- Task -
From the line that contains "F (\<Phi> x)" through the line that contains "V \<Longrightarrow> F", output every line of the listing below exactly and leave out all the rest.

[[ Dataset extract, beginning ]]

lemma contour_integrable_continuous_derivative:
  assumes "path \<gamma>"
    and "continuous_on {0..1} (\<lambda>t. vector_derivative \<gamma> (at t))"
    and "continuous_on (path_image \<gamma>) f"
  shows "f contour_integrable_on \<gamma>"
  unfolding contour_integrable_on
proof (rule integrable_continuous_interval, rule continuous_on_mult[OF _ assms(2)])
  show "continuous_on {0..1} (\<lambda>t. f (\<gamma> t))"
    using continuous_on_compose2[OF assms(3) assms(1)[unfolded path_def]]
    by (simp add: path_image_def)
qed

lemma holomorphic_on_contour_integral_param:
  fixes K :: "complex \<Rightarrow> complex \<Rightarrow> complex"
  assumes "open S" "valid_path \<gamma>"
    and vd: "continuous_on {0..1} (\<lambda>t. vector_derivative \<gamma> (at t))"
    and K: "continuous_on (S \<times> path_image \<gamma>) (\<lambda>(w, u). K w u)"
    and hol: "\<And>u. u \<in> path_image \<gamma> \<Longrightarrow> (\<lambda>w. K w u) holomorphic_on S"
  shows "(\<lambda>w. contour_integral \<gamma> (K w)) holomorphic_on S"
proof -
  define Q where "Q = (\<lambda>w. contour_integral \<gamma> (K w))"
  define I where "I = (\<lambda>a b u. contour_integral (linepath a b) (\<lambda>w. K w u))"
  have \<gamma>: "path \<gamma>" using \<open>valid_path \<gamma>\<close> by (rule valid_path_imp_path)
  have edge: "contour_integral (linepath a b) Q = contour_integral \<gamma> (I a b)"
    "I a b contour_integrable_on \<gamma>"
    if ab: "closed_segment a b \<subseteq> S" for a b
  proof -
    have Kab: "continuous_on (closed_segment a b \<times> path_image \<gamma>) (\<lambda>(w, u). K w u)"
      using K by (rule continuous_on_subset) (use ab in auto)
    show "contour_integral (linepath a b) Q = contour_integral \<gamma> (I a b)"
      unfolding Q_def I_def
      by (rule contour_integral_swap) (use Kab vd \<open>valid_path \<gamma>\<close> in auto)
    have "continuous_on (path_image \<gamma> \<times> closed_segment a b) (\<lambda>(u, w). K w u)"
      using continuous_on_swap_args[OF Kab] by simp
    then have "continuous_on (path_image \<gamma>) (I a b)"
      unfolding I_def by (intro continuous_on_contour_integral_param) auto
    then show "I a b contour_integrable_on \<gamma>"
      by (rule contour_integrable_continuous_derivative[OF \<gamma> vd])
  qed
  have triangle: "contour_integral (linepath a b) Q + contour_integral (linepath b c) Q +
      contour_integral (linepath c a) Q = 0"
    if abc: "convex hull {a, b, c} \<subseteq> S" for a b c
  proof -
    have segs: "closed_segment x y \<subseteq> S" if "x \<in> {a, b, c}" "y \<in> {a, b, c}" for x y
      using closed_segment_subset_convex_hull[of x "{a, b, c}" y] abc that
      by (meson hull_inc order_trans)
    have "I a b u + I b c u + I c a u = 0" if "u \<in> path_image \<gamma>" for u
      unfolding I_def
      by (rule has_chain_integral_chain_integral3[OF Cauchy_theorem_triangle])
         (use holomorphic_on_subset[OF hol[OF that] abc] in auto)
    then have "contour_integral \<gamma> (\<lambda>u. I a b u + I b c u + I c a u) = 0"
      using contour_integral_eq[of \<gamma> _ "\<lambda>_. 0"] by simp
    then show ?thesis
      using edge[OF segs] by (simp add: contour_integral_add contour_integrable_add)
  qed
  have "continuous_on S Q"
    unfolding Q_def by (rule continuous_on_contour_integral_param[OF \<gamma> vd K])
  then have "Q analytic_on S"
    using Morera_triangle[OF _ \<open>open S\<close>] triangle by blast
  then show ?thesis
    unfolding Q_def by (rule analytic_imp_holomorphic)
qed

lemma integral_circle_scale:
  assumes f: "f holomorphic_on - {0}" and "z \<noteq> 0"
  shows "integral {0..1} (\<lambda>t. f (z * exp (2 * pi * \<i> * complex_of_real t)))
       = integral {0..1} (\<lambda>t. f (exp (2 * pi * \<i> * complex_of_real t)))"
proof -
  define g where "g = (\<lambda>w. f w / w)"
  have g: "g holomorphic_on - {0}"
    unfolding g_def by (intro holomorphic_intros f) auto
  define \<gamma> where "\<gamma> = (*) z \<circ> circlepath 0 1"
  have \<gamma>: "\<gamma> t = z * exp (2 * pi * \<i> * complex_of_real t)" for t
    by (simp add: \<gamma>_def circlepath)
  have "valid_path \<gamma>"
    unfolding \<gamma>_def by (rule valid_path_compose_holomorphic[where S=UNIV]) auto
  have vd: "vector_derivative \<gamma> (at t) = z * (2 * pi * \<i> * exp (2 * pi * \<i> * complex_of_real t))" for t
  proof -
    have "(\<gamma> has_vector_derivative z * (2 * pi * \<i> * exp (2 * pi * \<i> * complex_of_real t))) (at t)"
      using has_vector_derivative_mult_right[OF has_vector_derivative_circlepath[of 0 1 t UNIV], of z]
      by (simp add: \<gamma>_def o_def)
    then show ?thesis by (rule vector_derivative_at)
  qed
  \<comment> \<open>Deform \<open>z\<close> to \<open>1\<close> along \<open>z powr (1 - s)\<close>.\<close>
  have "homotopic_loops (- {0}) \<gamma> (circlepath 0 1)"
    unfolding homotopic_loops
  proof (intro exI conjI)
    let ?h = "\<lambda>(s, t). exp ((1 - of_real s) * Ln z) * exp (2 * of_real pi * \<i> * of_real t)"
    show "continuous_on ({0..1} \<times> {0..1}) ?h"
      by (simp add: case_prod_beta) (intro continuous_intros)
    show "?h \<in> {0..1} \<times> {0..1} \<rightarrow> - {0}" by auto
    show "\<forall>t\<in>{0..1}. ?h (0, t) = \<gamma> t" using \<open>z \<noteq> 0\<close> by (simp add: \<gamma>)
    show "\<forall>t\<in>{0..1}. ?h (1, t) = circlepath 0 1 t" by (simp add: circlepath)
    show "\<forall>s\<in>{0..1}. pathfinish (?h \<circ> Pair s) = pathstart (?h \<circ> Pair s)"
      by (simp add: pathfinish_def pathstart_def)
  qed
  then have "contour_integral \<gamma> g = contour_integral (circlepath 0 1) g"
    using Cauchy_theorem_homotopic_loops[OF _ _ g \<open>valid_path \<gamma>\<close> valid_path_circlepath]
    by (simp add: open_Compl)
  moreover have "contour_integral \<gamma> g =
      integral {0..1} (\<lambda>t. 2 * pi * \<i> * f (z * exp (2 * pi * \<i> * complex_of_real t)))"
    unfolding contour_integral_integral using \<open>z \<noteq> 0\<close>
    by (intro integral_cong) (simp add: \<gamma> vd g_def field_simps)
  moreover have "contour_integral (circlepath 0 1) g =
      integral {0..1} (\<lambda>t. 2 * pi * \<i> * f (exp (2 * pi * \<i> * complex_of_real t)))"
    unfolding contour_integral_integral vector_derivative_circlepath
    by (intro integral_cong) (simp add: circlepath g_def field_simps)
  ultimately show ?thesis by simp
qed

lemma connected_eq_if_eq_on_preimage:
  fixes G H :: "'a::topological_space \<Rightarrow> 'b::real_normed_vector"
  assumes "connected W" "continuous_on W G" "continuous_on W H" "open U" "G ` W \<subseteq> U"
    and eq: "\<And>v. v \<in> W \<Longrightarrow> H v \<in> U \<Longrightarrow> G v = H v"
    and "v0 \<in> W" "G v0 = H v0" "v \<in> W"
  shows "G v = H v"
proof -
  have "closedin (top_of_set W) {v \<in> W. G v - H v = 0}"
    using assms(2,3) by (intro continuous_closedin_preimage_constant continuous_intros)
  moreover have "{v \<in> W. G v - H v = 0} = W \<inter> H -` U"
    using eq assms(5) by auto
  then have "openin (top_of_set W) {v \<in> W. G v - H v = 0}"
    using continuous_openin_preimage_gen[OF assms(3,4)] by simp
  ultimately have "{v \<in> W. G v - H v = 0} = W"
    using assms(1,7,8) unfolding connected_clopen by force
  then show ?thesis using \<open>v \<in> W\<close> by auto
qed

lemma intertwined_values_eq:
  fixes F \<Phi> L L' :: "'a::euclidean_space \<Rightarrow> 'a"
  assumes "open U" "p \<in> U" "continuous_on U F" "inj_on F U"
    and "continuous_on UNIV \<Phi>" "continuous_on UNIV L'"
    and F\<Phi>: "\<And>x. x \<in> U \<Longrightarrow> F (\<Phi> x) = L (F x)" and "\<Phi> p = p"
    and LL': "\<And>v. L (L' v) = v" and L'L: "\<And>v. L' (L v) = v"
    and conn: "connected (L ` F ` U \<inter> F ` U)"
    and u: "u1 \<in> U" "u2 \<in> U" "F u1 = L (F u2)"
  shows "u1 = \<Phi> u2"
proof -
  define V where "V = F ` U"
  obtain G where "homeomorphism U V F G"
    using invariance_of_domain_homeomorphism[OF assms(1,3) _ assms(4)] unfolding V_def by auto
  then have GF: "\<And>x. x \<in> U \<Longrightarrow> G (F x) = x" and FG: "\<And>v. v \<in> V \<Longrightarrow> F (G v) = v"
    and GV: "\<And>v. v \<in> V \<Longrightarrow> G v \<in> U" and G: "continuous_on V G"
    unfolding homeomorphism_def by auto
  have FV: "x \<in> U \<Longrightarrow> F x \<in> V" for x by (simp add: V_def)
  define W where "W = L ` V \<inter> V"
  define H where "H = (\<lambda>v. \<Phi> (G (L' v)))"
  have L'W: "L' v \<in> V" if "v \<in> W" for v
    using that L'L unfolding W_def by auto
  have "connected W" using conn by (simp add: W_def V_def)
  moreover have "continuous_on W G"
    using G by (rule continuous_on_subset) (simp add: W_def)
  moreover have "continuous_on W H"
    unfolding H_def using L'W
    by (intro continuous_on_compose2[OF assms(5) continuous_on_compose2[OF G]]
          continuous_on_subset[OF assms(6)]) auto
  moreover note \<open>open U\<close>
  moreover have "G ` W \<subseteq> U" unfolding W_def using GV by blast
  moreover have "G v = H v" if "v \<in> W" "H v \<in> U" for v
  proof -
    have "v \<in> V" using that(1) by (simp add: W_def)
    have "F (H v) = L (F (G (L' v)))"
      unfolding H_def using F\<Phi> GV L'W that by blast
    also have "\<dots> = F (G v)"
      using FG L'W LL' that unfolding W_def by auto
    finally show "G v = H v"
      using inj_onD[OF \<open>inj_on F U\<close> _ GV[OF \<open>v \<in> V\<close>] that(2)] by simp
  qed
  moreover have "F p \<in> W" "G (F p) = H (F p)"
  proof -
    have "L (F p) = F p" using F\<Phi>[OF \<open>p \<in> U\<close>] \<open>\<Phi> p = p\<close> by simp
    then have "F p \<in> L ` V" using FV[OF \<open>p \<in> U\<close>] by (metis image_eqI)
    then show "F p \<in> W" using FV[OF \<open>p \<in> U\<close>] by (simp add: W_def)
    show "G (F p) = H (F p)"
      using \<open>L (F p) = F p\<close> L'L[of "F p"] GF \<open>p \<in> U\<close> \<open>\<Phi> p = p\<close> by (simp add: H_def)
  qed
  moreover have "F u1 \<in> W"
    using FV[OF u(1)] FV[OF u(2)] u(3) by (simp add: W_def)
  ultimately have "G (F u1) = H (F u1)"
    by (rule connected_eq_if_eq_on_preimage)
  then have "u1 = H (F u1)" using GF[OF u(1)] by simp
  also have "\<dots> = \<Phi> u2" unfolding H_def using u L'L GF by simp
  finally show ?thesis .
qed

[[ Dataset extract, end ]]
[[ Dataset extract, beginning ]]

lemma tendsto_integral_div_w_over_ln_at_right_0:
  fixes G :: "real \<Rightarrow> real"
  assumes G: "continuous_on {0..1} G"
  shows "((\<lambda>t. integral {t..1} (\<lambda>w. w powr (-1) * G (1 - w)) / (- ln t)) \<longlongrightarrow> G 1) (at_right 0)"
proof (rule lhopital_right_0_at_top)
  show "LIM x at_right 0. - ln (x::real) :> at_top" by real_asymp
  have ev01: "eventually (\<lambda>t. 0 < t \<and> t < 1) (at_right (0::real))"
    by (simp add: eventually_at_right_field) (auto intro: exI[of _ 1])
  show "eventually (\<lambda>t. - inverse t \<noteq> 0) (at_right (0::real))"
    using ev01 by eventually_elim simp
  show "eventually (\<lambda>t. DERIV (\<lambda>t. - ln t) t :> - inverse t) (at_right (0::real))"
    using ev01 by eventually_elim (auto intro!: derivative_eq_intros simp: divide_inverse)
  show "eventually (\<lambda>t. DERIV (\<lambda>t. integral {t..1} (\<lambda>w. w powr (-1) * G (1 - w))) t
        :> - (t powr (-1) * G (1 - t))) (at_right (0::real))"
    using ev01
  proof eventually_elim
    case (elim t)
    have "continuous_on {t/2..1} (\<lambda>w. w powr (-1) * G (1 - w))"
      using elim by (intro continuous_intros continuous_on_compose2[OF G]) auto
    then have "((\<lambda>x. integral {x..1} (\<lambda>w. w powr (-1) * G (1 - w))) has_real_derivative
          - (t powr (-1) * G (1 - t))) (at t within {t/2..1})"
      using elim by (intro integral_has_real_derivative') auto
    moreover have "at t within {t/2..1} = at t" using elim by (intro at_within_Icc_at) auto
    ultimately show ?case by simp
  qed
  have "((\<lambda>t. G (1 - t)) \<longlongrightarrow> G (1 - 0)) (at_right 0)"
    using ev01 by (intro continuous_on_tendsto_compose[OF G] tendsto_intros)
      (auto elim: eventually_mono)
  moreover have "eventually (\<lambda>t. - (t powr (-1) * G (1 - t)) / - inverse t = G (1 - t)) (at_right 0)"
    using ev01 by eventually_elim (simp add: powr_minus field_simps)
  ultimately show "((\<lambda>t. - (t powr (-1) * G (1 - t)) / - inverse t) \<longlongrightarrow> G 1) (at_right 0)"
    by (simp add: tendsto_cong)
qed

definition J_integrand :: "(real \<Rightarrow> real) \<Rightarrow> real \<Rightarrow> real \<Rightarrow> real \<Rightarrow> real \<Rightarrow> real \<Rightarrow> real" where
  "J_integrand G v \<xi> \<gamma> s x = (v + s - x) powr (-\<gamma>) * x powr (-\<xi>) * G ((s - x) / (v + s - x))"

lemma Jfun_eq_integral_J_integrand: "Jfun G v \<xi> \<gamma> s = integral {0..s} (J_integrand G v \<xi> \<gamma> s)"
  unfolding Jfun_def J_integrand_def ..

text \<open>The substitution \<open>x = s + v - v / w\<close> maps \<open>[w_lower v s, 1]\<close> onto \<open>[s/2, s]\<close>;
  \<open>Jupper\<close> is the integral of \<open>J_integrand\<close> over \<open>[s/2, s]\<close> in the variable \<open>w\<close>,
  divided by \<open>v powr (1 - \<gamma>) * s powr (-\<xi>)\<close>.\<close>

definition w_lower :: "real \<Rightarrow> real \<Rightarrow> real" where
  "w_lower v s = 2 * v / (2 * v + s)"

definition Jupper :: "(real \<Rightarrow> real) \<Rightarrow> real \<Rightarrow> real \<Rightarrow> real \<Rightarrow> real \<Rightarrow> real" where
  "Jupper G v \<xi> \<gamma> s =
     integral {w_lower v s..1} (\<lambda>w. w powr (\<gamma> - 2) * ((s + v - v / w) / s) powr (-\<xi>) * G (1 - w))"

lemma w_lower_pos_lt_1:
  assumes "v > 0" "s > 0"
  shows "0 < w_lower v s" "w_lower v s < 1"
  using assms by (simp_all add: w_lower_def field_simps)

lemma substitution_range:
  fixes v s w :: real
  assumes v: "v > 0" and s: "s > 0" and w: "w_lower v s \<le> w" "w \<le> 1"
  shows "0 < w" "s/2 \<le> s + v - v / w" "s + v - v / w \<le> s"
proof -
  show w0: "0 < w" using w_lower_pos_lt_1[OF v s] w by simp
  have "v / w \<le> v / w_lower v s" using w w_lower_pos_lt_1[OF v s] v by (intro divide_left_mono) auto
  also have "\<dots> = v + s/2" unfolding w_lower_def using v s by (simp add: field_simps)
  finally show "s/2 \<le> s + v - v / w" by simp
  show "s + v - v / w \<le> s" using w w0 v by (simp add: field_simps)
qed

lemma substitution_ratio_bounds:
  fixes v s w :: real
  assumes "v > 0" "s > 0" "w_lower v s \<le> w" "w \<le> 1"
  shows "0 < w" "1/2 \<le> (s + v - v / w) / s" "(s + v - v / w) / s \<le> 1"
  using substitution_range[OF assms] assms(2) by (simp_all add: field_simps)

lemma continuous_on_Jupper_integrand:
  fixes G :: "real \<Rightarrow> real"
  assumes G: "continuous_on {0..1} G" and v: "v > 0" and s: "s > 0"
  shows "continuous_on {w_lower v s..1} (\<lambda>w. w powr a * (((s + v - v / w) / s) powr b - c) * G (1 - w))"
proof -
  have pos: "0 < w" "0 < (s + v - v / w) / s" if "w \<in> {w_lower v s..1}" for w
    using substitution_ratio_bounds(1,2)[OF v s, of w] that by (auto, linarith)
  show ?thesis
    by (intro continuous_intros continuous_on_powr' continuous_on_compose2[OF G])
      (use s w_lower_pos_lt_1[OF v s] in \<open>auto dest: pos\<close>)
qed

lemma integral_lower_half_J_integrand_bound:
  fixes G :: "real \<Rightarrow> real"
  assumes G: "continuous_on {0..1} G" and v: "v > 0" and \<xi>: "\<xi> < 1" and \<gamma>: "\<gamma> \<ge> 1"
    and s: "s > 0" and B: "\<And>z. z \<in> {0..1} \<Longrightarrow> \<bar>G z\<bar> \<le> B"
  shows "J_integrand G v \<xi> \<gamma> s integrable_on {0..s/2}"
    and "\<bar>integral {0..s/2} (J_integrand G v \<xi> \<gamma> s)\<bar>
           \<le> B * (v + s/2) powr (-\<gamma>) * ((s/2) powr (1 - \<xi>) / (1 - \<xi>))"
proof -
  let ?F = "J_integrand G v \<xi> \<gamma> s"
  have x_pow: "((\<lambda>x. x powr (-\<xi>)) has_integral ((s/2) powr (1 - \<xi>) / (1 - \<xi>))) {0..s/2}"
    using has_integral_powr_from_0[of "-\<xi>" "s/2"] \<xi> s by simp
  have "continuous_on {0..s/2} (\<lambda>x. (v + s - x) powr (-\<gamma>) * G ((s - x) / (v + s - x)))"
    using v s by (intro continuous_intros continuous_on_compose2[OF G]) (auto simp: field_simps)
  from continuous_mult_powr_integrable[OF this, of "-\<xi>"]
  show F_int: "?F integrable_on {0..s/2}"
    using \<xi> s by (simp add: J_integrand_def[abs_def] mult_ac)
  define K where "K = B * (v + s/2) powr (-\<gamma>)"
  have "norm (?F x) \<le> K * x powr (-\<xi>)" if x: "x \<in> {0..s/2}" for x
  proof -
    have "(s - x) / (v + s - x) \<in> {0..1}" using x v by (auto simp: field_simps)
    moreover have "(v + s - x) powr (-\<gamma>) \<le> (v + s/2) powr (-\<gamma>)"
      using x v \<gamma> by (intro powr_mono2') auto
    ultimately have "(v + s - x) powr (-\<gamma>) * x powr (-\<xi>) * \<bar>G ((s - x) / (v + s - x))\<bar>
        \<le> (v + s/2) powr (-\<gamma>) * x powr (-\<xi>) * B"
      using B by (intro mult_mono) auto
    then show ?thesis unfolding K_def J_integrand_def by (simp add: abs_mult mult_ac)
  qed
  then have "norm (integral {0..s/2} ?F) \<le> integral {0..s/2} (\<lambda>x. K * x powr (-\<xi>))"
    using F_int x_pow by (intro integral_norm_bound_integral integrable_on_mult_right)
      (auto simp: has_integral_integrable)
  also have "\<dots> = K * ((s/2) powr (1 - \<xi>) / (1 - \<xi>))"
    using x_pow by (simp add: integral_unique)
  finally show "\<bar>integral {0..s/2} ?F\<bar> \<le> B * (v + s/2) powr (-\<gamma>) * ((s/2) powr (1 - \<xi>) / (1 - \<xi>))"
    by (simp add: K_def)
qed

[[ Dataset extract, end ]]

- Exercise answer -
    and F\<Phi>: "\<And>x. x \<in> U \<Longrightarrow> F (\<Phi> x) = L (F x)" and "\<Phi> p = p"
    and LL': "\<And>v. L (L' v) = v" and L'L: "\<And>v. L' (L v) = v"
    and conn: "connected (L ` F ` U \<inter> F ` U)"
    and u: "u1 \<in> U" "u2 \<in> U" "F u1 = L (F u2)"
  shows "u1 = \<Phi> u2"
proof -
  define V where "V = F ` U"
  obtain G where "homeomorphism U V F G"
    using invariance_of_domain_homeomorphism[OF assms(1,3) _ assms(4)] unfolding V_def by auto
  then have GF: "\<And>x. x \<in> U \<Longrightarrow> G (F x) = x" and FG: "\<And>v. v \<in> V \<Longrightarrow> F (G v) = v"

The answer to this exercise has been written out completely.